Он снова протянул руку и легко потрепал меня. Я невольно отшатнулся.

– А Диего Гонкальвиш? Он тоже был с господином Леви?

Он нервно оглянулся на дверь.

– Слушай, нам пора! Неужели не понимаешь?

– Вы видели Диего Гонкальвиша?

– Нет. Насколько я видел, его здесь не было. Возможно, его поймали. – Он пожал плечами и сердито продолжил: – Слушай, я ухожу. Ты можешь пойти со мной, а можешь ждать, пока они придут и заберут тебя. И можешь не сомневаться, наваррская карга проследит за тем, чтобы они поскорее тебя нашли. Это она открыла им дверь, чтобы они не слишком утомились, добираясь до господина Леви.

Он наклонился, чтобы подобрать киянку и пробойник. Страстное желание ударить его ножом в шею накатило на меня. Зачем мне было ранить этого добродетельного христианина?

Обладала ли ртуть, плескавшаяся в моих жилах, собственной волей?

– Идем, – сказал он, выпрямляясь.

В голосе его слышалась мольба, напомнившая мне об отце, призывающем меня к учебе. Из-за дома до нас внезапно донесся крик. Сапожник поднес к губам кривой палец, взывая к тишине.

Вдвоем мы выбрались на лестницу, как дети, задумавшие опасную проделку. Наваррская карга, как он ее назвал, стояла пролетом выше с выражением глубокого презрения на морщинистом лице. Сапожник поднял киянку и легонько стукнул себя по лбу, демонстрируя, что он сделает с ней, если она нас выдаст.
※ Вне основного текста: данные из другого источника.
lemma convex_reward_simplex: "convex (reward_simplex :: (real ^ 'n::finite) set)"
  by (auto simp: convex_def reward_simplex_def sum.distrib sum_distrib_left[symmetric])

lemma feasible_rewards_iff:
  fixes \<Phi> :: "(real ^ 'n::finite) set"
  assumes "bounded \<Phi>" and "de \<in> \<Phi>"
  shows "r \<in> feasible_rewards \<Phi> de \<longleftrightarrow> r \<in> reward_simplex \<and> (\<forall>d\<in>\<Phi>. r \<bullet> d \<le> r \<bullet> de)"
proof -
  have "bdd_above ((\<bullet>) r ` \<Phi>)"
    using assms(1) by (intro bounded_imp_bdd_above bounded_linear_image bounded_linear_inner_right)
  then have "(SUP d\<in>\<Phi>. r \<bullet> d) = r \<bullet> de \<longleftrightarrow> (\<forall>d\<in>\<Phi>. r \<bullet> d \<le> r \<bullet> de)"
    using assms(2) by (metis (no_types, lifting) antisym cSUP_least cSUP_upper empty_iff)
  then show ?thesis
    by (simp add: feasible_rewards_def subopt_def)
qed

lemma convex_feasible_rewards:
  fixes \<Phi> :: "(real ^ 'n::finite) set"
  assumes "bounded \<Phi>" and "de \<in> \<Phi>"
  shows "convex (feasible_rewards \<Phi> de)"
proof -
  have "feasible_rewards \<Phi> de = reward_simplex \<inter> (\<Inter>d\<in>\<Phi>. {r. (d - de) \<bullet> r \<le> 0})"
    using feasible_rewards_iff[OF assms] by (auto simp: inner_diff_left inner_diff_right inner_commute)
  then show ?thesis
    by (auto intro!: convex_Int convex_INT convex_halfspace_le convex_reward_simplex)
qed

lemma opt_set_eq_supporting_hyperplane:
  assumes "de \<in> \<Phi>" and "\<forall>d\<in>\<Phi>. r \<bullet> d \<le> r \<bullet> de"
  shows "opt_set \<Phi> r = \<Phi> \<inter> {x. r \<bullet> x = r \<bullet> de}"
  using assms by (force simp: opt_set_def intro: antisym)

lemma feasible_reward_opt_set_exposed_face:
  fixes \<Phi> :: "(real ^ 'n::finite) set"
  assumes "convex \<Phi>" and "bounded \<Phi>" and "de \<in> \<Phi>" and "r \<in> feasible_rewards \<Phi> de"
  shows "opt_set \<Phi> r exposed_face_of \<Phi>" and "de \<in> opt_set \<Phi> r"
proof -
  have "\<forall>d\<in>\<Phi>. r \<bullet> d \<le> r \<bullet> de"
    using assms(4) feasible_rewards_iff[OF assms(2,3)] by blast
  then show "opt_set \<Phi> r exposed_face_of \<Phi>" "de \<in> opt_set \<Phi> r"
    using exposed_face_of_Int_supporting_hyperplane_le[OF assms(1)] assms(3)
    by (auto simp: opt_set_eq_supporting_hyperplane[OF assms(3)])
qed
(* Let $n_1<n_2<n_3$ be positive integers with $\gcd(n_1,n_2,n_3)=1$ minimally generating a nonsymmetric numerical semigroup $S$, with $\gcd(\delta_1,\delta_3)=1$. Let $\mathbf x\in\{\boldsymbol\lambda,\boldsymbol\mu\}$ and let $1\le i\le\max\{\delta_1,\delta_3\}$ be such that the B\'ezout couple $\mathbf x_i$ (of type $\mathbf x$) is reducible. Then there exists a positive integer $l<i$ such that $\tau_{\mathbf x_l}^-\le\tau_{\mathbf x_i}^-$ (componentwise), where $\mathbf x_l$ is the B\'ezout couple of $l$ of the same type.
   Context: $S=\langle n_1,n_2,n_3\rangle$; minimally generated means no $n_i$ lies in the submonoid generated by the other two; $S$ is symmetric if, with $F=\max(\mathbb Z\setminus S)$, $x\in\mathbb Z\setminus S$ implies $F-x\in S$. For $\{i,j,k\}=\{1,2,3\}$, $c_i=\min\{c\in\mathbb Z^+: cn_i\in\langle n_j,n_k\rangle\}$ and, $S$ being nonsymmetric, $r_{ij},r_{ik}$ are the unique positive integers with $c_in_i=r_{ij}n_j+r_{ik}n_k$; moreover $c_i=r_{ji}+r_{ki}$. Set $\delta_1=c_1-r_{12}-r_{13}>0$, $\delta_3=r_{31}+r_{32}-c_3>0$, $\mathbf v_1=(c_1,-r_{12},-r_{13})$, $\mathbf v_3=(r_{31},r_{32},-c_3)$. For $i\in\{1,\ldots,\max\{\delta_1,\delta_3\}\}$: $\boldsymbol\lambda_i$ is the unique $(a,b)\in\mathbb Z^2$ with $a\delta_1+b\delta_3=i$, $0<b\le\delta_1$; $\boldsymbol\mu_i$ is the unique $(a,b)$ with $a\delta_1+b\delta_3=i$, $0<a\le\delta_3$. $\boldsymbol\lambda_i$ is reducible if $\boldsymbol\lambda_i=\boldsymbol\lambda_j+\boldsymbol\lambda_k$ for some $j,k\in\{1,\ldots,\max\{\delta_1,\delta_3\}\}$, and similarly for $\boldsymbol\mu_i$. For $(a,b)\in\mathbb Z^2$, $\tau_{(a,b)}=a\mathbf v_1+b\mathbf v_3\in\mathbb Z^3$. For $\mathbf z\in\mathbb Z^3$, $\mathbf z^+,\mathbf z^-\in\mathbb N^3$ are the unique vectors with $\mathbf z=\mathbf z^+-\mathbf z^-$ and $\mathbf z^+\cdot\mathbf z^-=0$. *)

theory Defs
  imports Main
begin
Мы спустились по лестнице бесшумнее кошки, преследующей добычу. Теперь я хотел найти Самсона и прочитать письмо, отправленное ему дядей. Я планировал добраться до Porta de Sao Vicente, ворот Святого Винсента, выйти из города и держать путь на северо-запад к его дому.

Снаружи в утренней дымке все еще беспокойно сновали ласточки. Ропот, доносящийся с запада, пронзали вспышки хохота опьяненных жаждой крови людей.
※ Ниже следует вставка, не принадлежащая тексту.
fun tree_pot :: "nat \<Rightarrow> 'a ph \<Rightarrow> real" where
  "tree_pot N Leaf = 0"
| "tree_pot N (Node l i k r) =
     node_pot N (tsize l) (tsize r)
     + (if is_large N (Node l i k r) \<and> is_large N r then -7 else 0)
     + tree_pot N l + tree_pot N r"

definition Phi :: "nat \<Rightarrow> 'a ph \<Rightarrow> real" where
  "Phi N t = 900 * \<bar>real N - real (tsize t)\<bar> + tree_pot N t"

end

(*
  Every operation changes the number n of elements by at most one, provided the heap
  stays a single general-view tree with distinct node identities, which is itself
  invariant; hence the sticky size satisfies n < 2N <= 4n + 2 at all times.
  The tree potential is bounded by induction over the binary view: a subtree with at
  most lg N nodes contains only small nodes, and a subtree with s > lg N nodes has
  potential at most 1000 s - 100 lg N - 507. The spare 100 lg N pays for a large root,
  whose potential is at most 500 + 100 lg N because s < 2N, while a mixed root costs
  only O(size of its small child). So Phi <= 900 |N - n| + 1000 n, which is O(n) and O(N).
*)
theory Submission
  imports Defs "HOL-Library.Multiset"
begin

fun id_mset :: "'a ph \<Rightarrow> nat multiset" where
  "id_mset Leaf = {#}"
| "id_mset (Node l i k r) = add_mset i (id_mset l + id_mset r)"

lemma set_mset_id_mset [simp]: "set_mset (id_mset t) = ids t"
  by (induction t) auto

lemma size_id_mset [simp]: "size (id_mset t) = tsize t"
  by (induction t) auto

text \<open>Without distinct identities \<open>cut\<close> may remove several subtrees, and
  decrease-key would lose nodes.\<close>
definition distinct_ids :: "'a ph \<Rightarrow> bool" where
  "distinct_ids t \<longleftrightarrow> (\<forall>x. count (id_mset t) x \<le> 1)"

lemma distinct_ids_NodeD:
  assumes "distinct_ids (Node l i k r)"
  shows "distinct_ids l" "distinct_ids r" "ids l \<inter> ids r = {}"
proof -
  have count: "count (id_mset l) x + count (id_mset r) x \<le> 1" for x
    using assms[unfolded distinct_ids_def, rule_format, of x] by (simp split: if_splits)
  then show "distinct_ids l" "distinct_ids r"
    unfolding distinct_ids_def by (meson add_leD1 add_leD2)+
  have False if "x \<in> ids l" "x \<in> ids r" for x
  proof -
    from that have "0 < count (id_mset l) x" "0 < count (id_mset r) x"
      by (simp_all flip: set_mset_id_mset)
    with count[of x] show False by simp
  qed
  then show "ids l \<inter> ids r = {}" by blast
qed

text \<open>A heap must consist of a single general-view tree: \<open>link\<close>, and with it
  insertion and deletion, silently drops the right siblings of its arguments.\<close>
definition no_sibling :: "'a ph \<Rightarrow> bool" where
  "no_sibling t \<longleftrightarrow> (case t of Leaf \<Rightarrow> True | Node l i k r \<Rightarrow> r = Leaf)"

lemma no_sibling_simps [simp]:
  "no_sibling Leaf" "no_sibling (Node l i k r) \<longleftrightarrow> r = Leaf"
  by (simp_all add: no_sibling_def)

lemma id_mset_link:
  "no_sibling a \<Longrightarrow> no_sibling b \<Longrightarrow> id_mset (link a b) = id_mset a + id_mset b"
  by (cases a; cases b) simp_all

lemma no_sibling_link: "no_sibling a \<Longrightarrow> no_sibling b \<Longrightarrow> no_sibling (link a b)"
  by (cases a; cases b) simp_all

lemma id_mset_spine: "sum_list (map id_mset (spine t)) = id_mset t"
  by (induction t) auto

lemma no_sibling_spine: "\<forall>u\<in>set (spine t). no_sibling u"
  by (induction t) auto

lemma id_mset_pass1:
  "\<forall>u\<in>set ts. no_sibling u \<Longrightarrow> sum_list (map id_mset (pass1 ts)) = sum_list (map id_mset ts)"
  by (induction ts rule: pass1.induct) (auto simp: id_mset_link)

lemma no_sibling_pass1: "\<forall>u\<in>set ts. no_sibling u \<Longrightarrow> \<forall>u\<in>set (pass1 ts). no_sibling u"
  by (induction ts rule: pass1.induct) (auto simp: no_sibling_link)

lemma no_sibling_pass2: "\<forall>u\<in>set ts. no_sibling u \<Longrightarrow> no_sibling (pass2 ts)"
  by (induction ts rule: pass2.induct) (auto simp: no_sibling_link)

lemma id_mset_pass2:
  "\<forall>u\<in>set ts. no_sibling u \<Longrightarrow> id_mset (pass2 ts) = sum_list (map id_mset ts)"
  by (induction ts rule: pass2.induct) (auto simp: id_mset_link no_sibling_pass2)

lemma no_sibling_pass1_spine: "\<forall>u\<in>set (pass1 (spine t)). no_sibling u"
  using no_sibling_pass1 no_sibling_spine by blast

lemma id_mset_delete_min: "id_mset (delete_min (Node l i k r)) = id_mset l"
  by (simp add: id_mset_pass2[OF no_sibling_pass1_spine] id_mset_pass1[OF no_sibling_spine] id_mset_spine)

lemma no_sibling_delete_min: "no_sibling (delete_min t)"
  by (cases t) (simp_all add: no_sibling_pass2[OF no_sibling_pass1_spine])

lemma id_mset_insert_node:
  "no_sibling t \<Longrightarrow> id_mset (insert_node i x t) = add_mset i (id_mset t)"
  by (cases t) (simp_all add: id_mset_link)

lemma no_sibling_insert_node: "no_sibling t \<Longrightarrow> no_sibling (insert_node i x t)"
  by (cases t) (simp_all add: no_sibling_link)

lemma lookup_eq_None_iff: "lookup p t = None \<longleftrightarrow> p \<notin> ids t"
  by (induction t) (auto split: option.splits)

lemma cut_not_in_ids: "p \<notin> ids t \<Longrightarrow> cut p t = t"
  by (induction t) auto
Сапожник указал вдоль улицы на восток, в сторону поднимающегося солнца.

– Иди с Богом, – сказал он, взяв меня за плечо.

Я поблагодарил его и побежал.

Не могу выразить, насколько притупилось мое здравомыслие после смерти дяди: любой еврей на моем месте понял бы, что доминиканцы запрут все выходы из города после первой же утренней молитвы.

Ошибкой было и то, что я бежал. Звук шагов выдал меня старым христианам.

Больше сотни их стояло возле ворот Святого Винсента. Стоило им увидеть меня, и в мою сторону, словно стрелы, взметнулись клинки.

Я остановился, желудок сжался от страха. Даже теперь ощущение неумолимого приближения рока заставило меня вытянуть вперед руку в поисках изгороди или стены.

Разумеется, я схватил воздух, затем инстинктивно нащупал нож. На какое-то мгновение я оказался на грани самоубийства. Это было бы просто: в те дни я все еще верил в существование Бога и не боялся смерти. Умирания. Но не чудесного путешествия в Небесное Царство. Последняя молитва, один удар ножом – и я был бы свободен. Мысль была: «Лучше я своими руками освобожу свою душу, чем это сделают люди с распятиями».

Конечно, они не могли наверняка определить по внешности, был ли я новым христианином. Но если бы они раздели меня, соглашение с Богом сделало мое вероисповедание очевидным.

Жажда жизни оказалась сильнее. Или, быть может, я слишком сильно желал найти Иуду.

Я развернулся и бросился бежать, словно у меня не оставалось иного выбора. Гнались ли за мной? Я не мог сказать: все чувства утонули в бешеном ритме пульса. Представьте себя рядом со свинцовым колоколом, неистово звонящим в минуты урагана. Так билось мое сердце и рвалось из груди дыхание.